I’d be slightly wary of too much running, especially if you’re doing it on pavements and roads. I was a regular cross country runner throughout my 40s and early 50s (8-10km, 3-4 x pw) and I really loved it, but now, at 59, one of my knees is pretty buggered.
I still run a bit, but only on a treadmill and never more than 5k. I know lots of women continue to run happily into their 60s and beyond, but if running is your thing I’d start to take good quality joint supplements as a priority - glucosamine, condroitin, cod liver oil and creatine to help build muscle.
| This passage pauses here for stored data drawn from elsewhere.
lemma tree_arcs_graft:
  assumes "1 \<le> i" "i \<le> leaves s"
  shows "tree_arcs (graft s i t) a =
    glue_arc (a + i - 1) (leaves t) ` tree_arcs s a \<union> tree_arcs t (a + i - 1)"
  using assms
proof (induction s arbitrary: i a)
  case (Node g l r)
  define c where "c = a + i - 1"
  define m where "m = leaves t"
  let ?L = "leaves l" and ?R = "leaves r"
  have "1 \<le> m" unfolding m_def by (rule leaves_ge_1)
  show ?case
  proof (cases "i \<le> ?L")
    case True
    let ?L' = "?L + (m - 1)"
    have IH: "tree_arcs (graft l i t) a = glue_arc c m ` tree_arcs l a \<union> tree_arcs t c"
      using Node.IH(1) Node.prems True by (simp add: c_def m_def)
    have right: "glue_arc c m ` tree_arcs r (a + ?L) = tree_arcs r (a + ?L')"
      using glue_arc_tree_arcs_right[of c "a + ?L" m r] True Node.prems \<open>1 \<le> m\<close>
      by (simp add: c_def add_ac)
    have arcs: "glue_arc c m (a, a + ?L) = (a, a + ?L')"
      "glue_arc c m (a + ?L, a + ?L + ?R) = (a + ?L', a + ?L' + ?R)"
      using True Node.prems \<open>1 \<le> m\<close> by (auto simp: glue_arc_def glue_vertex_def c_def)
    have "tree_arcs (graft (Node g l r) i t) a = tree_arcs (graft l i t) a \<union> tree_arcs r (a + ?L')
        \<union> {(a, a + ?L')} \<union> (if g then {(a + ?L', a + ?L' + ?R)} else {})"
      using True \<open>1 \<le> m\<close> by (simp add: leaves_graft m_def)
    also have "\<dots> = glue_arc c m ` tree_arcs (Node g l r) a \<union> tree_arcs t c"
      unfolding IH by (simp add: image_Un right arcs) blast
    finally show ?thesis by (simp add: c_def m_def)
  next
    case False
    let ?R' = "?R + (m - 1)"
    have IH: "tree_arcs (graft r (i - ?L) t) (a + ?L)
        = glue_arc c m ` tree_arcs r (a + ?L) \<union> tree_arcs t c"
      using Node.IH(2)[of "i - ?L" "a + ?L"] Node.prems False by (simp add: c_def m_def)
    have left: "glue_arc c m ` tree_arcs l a = tree_arcs l a"
      using False by (intro glue_arc_tree_arcs_left) (simp add: c_def)
    have arcs: "glue_arc c m (a, a + ?L) = (a, a + ?L)"
      "glue_arc c m (a + ?L, a + ?L + ?R) = (a + ?L, a + ?L + ?R')"
      using False Node.prems \<open>1 \<le> m\<close> by (auto simp: glue_arc_def glue_vertex_def c_def)
    have "tree_arcs (graft (Node g l r) i t) a = tree_arcs l a \<union> tree_arcs (graft r (i - ?L) t) (a + ?L)
        \<union> {(a, a + ?L)} \<union> (if g then {(a + ?L, a + ?L + ?R')} else {})"
      using False \<open>1 \<le> m\<close> by (simp add: leaves_graft m_def)
    also have "\<dots> = glue_arc c m ` tree_arcs (Node g l r) a \<union> tree_arcs t c"
      unfolding IH by (simp add: image_Un left arcs) blast
    finally show ?thesis by (simp add: c_def m_def)
  qed
qed simp

lemma bnc_comp_blue_base:
  assumes "1 \<le> i" "(1, m + 1) \<in> B'"
  shows "bnc_comp (n, B, {}) i (m, B', {}) =
    (n + m - 1, glue_arc i m ` B \<union> shift_arc (i - 1) ` (B' - {(1, m + 1)}), {})"
proof -
  have edge: "glue_arc i m (i, i + 1) = (i, i + m)"
    by (simp add: glue_arc_def glue_vertex_def)
  then have "glue_arc i m ` B = insert (i, i + m) (glue_arc i m ` (B - {(i, i + 1)}))"
    if "(i, i + 1) \<in> B"
    using that by (metis image_insert insert_Diff)
  moreover have "(\<lambda>(a, b). (glue_vertex i m a, glue_vertex i m b)) = glue_arc i m"
    by (auto simp: glue_arc_def)
  moreover have "(\<lambda>(a::nat, b::nat). (a + i - 1, b + i - 1)) = shift_arc (i - 1)"
    using assms(1) by (auto simp: shift_arc_def)
  ultimately show ?thesis
    using assms(2)
    by (simp add: bnc_comp_def Let_def bnc_size_def bnc_blue_def bnc_red_def
        flip: glue_vertex_def)
qed

lemma bnc_of_tree_graft:
  assumes "1 \<le> i" "i \<le> leaves s"
  shows "bnc_of_tree (graft s i t) = bnc_comp (bnc_of_tree s) i (bnc_of_tree t)"
proof -
  have "(1, leaves t + 1) \<notin> tree_arcs t 1"
    using tree_arcs_bounds[of "(1, leaves t + 1)" t 1] by auto
  then have "insert (1, 1 + leaves t) (tree_arcs t 1) - {(1, leaves t + 1)} = tree_arcs t 1"
    by (auto simp: add.commute)
  moreover have "shift_arc (i - 1) ` tree_arcs t 1 = tree_arcs t i"
    using tree_arcs_shift[of t 1 "i - 1"] assms(1) by simp
  moreover have "glue_arc i (leaves t) (1, 1 + leaves s) = (1, 1 + (leaves s + leaves t - 1))"
    using assms leaves_ge_1[of t] by (simp add: glue_arc_def glue_vertex_def)
  ultimately show ?thesis
    using assms tree_arcs_graft[OF assms, of t 1]
    by (simp add: bnc_of_tree_def bnc_comp_blue_base leaves_graft)
qed

lemma tree_arcs_Node_first_arc:
  assumes "(a, b) \<in> tree_arcs (Node g l r) a"
  shows "b \<le> a + leaves l"
  using assms tree_arcs_bounds[of "(a, b)" l a] tree_arcs_bounds[of "(a, b)" r "a + leaves l"]
    leaves_ge_1[of l]
  by (auto split: if_splits)

lemma tree_arcs_Node_left:
  "tree_arcs l a =
     {p \<in> tree_arcs (Node g l r) a. snd p \<le> a + leaves l \<and> p \<noteq> (a, a + leaves l)}"
  using tree_arcs_bounds[of _ l a] tree_arcs_bounds[of _ r "a + leaves l"]
    leaves_ge_1[of l] leaves_ge_1[of r]
  by (auto split: if_splits) fastforce+

lemma tree_arcs_Node_right:
  "tree_arcs r (a + leaves l) =
     {p \<in> tree_arcs (Node g l r) a. a + leaves l \<le> fst p \<and>
        p \<noteq> (a + leaves l, a + leaves l + leaves r)}"
  using tree_arcs_bounds[of _ l a] tree_arcs_bounds[of _ r "a + leaves l"]
    leaves_ge_1[of l] leaves_ge_1[of r]
  by (auto split: if_splits) fastforce+

lemma tree_arcs_Node_label:
  "g \<longleftrightarrow> (a + leaves l, a + leaves l + leaves r) \<in> tree_arcs (Node g l r) a"
  using tree_arcs_bounds[of "(a + leaves l, a + leaves l + leaves r)" l a]
    tree_arcs_bounds[of "(a + leaves l, a + leaves l + leaves r)" r "a + leaves l"]
    leaves_ge_1[of l] leaves_ge_1[of r]
  by auto

lemma tree_arcs_inj:
  "leaves s = leaves t \<Longrightarrow> tree_arcs s a = tree_arcs t a \<Longrightarrow> s = t"
proof (induction s arbitrary: t a)
  case Leaf
  then show ?case
    by (cases t) (auto simp: add_is_1 leaves_ge_1 Suc_le_eq)
next
  case (Node g l r)
  then obtain g' l' r' where t: "t = Node g' l' r'"
    by (cases t) (auto simp: add_is_1 leaves_ge_1 Suc_le_eq)
  let ?A = "tree_arcs (Node g l r) a"
  have A: "?A = tree_arcs (Node g' l' r') a"
    using Node.prems t by simp
  have "(a, a + leaves l) \<in> tree_arcs (Node g' l' r') a"
    unfolding A[symmetric] by simp
  moreover have "(a, a + leaves l') \<in> ?A"
    unfolding A by simp
  ultimately have L: "leaves l = leaves l'"
    using tree_arcs_Node_first_arc by (meson add_le_cancel_left antisym)
  have R: "leaves r = leaves r'"
    using L Node.prems t by simp
  have "g = g'"
    using tree_arcs_Node_label[of g a l r] tree_arcs_Node_label[of g' a l' r']
    unfolding A L R by blast
  moreover have "l = l'"
    using tree_arcs_Node_left[of l a g r] tree_arcs_Node_left[of l' a g' r']
    unfolding A L by (intro Node.IH(1)[of l' a, OF L]) (simp only:)
  moreover have "r = r'"
    using tree_arcs_Node_right[of r a l g] tree_arcs_Node_right[of r' a l' g']
    unfolding A L R by (intro Node.IH(2)[of r' "a + leaves l'", OF R]) (simp only:)
  ultimately show ?case
    using t by simp
qed

lemma inj_bnc_of_tree: "inj bnc_of_tree"
proof (rule injI)
  fix s t
  assume eq: "bnc_of_tree s = bnc_of_tree t"
  then have L: "leaves s = leaves t"
    by (simp add: bnc_of_tree_def)
  have "(1, 1 + leaves s) \<notin> tree_arcs s 1" "(1, 1 + leaves s) \<notin> tree_arcs t 1"
    using tree_arcs_bounds[of "(1, 1 + leaves s)" s 1] tree_arcs_bounds[of "(1, 1 + leaves s)" t 1] L
    by auto
  with eq L have "tree_arcs s 1 = tree_arcs t 1"
    by (simp add: bnc_of_tree_def) (metis insert_ident)
  with L show "s = t"
    by (rule tree_arcs_inj)
qed

lemma bnc_size_bnc_of_tree [simp]: "bnc_size (bnc_of_tree t) = leaves t"
  by (simp add: bnc_of_tree_def bnc_size_def)

lemma bnc_of_tree_Leaf: "bnc_of_tree Leaf = bnc_unit"
  by (simp add: bnc_of_tree_def bnc_unit_def)

lemma bnc_of_tree_corolla: "bnc_of_tree (Node g Leaf Leaf) = (if g then T_bbb else T_bbu)"
  by (auto simp: bnc_of_tree_def T_bbb_def T_bbu_def)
As a pp said, your face is going to do what it will according to your genetics and sun exposure, and no amount of expensive unguent will change that, although I do think daily facial and lymphatic massage helps a bit.
From a vantage point of 20 years your senior, I’d say that the most important thing is to do everything possible to maintain your mobility, flexibility and strength, but don’t be reckless with it. Weights, Pilates, walking, good diet. You don’t realise how vulnerable/miserable it makes you feel to be incapacitated or in chronic pain until it happens to you, and it’s the quickest destroyer of your confidence and quality of life.
I’m a lot less gung ho now in my approach to physical fitness because I know I’m not invincible, that it’s not necessarily a good thing to ‘push on through’ when your body wants to stop, or you can’t quite get into that yoga position, and that - as with most things in life - moderation and mindfulness serves you better than overdoing it.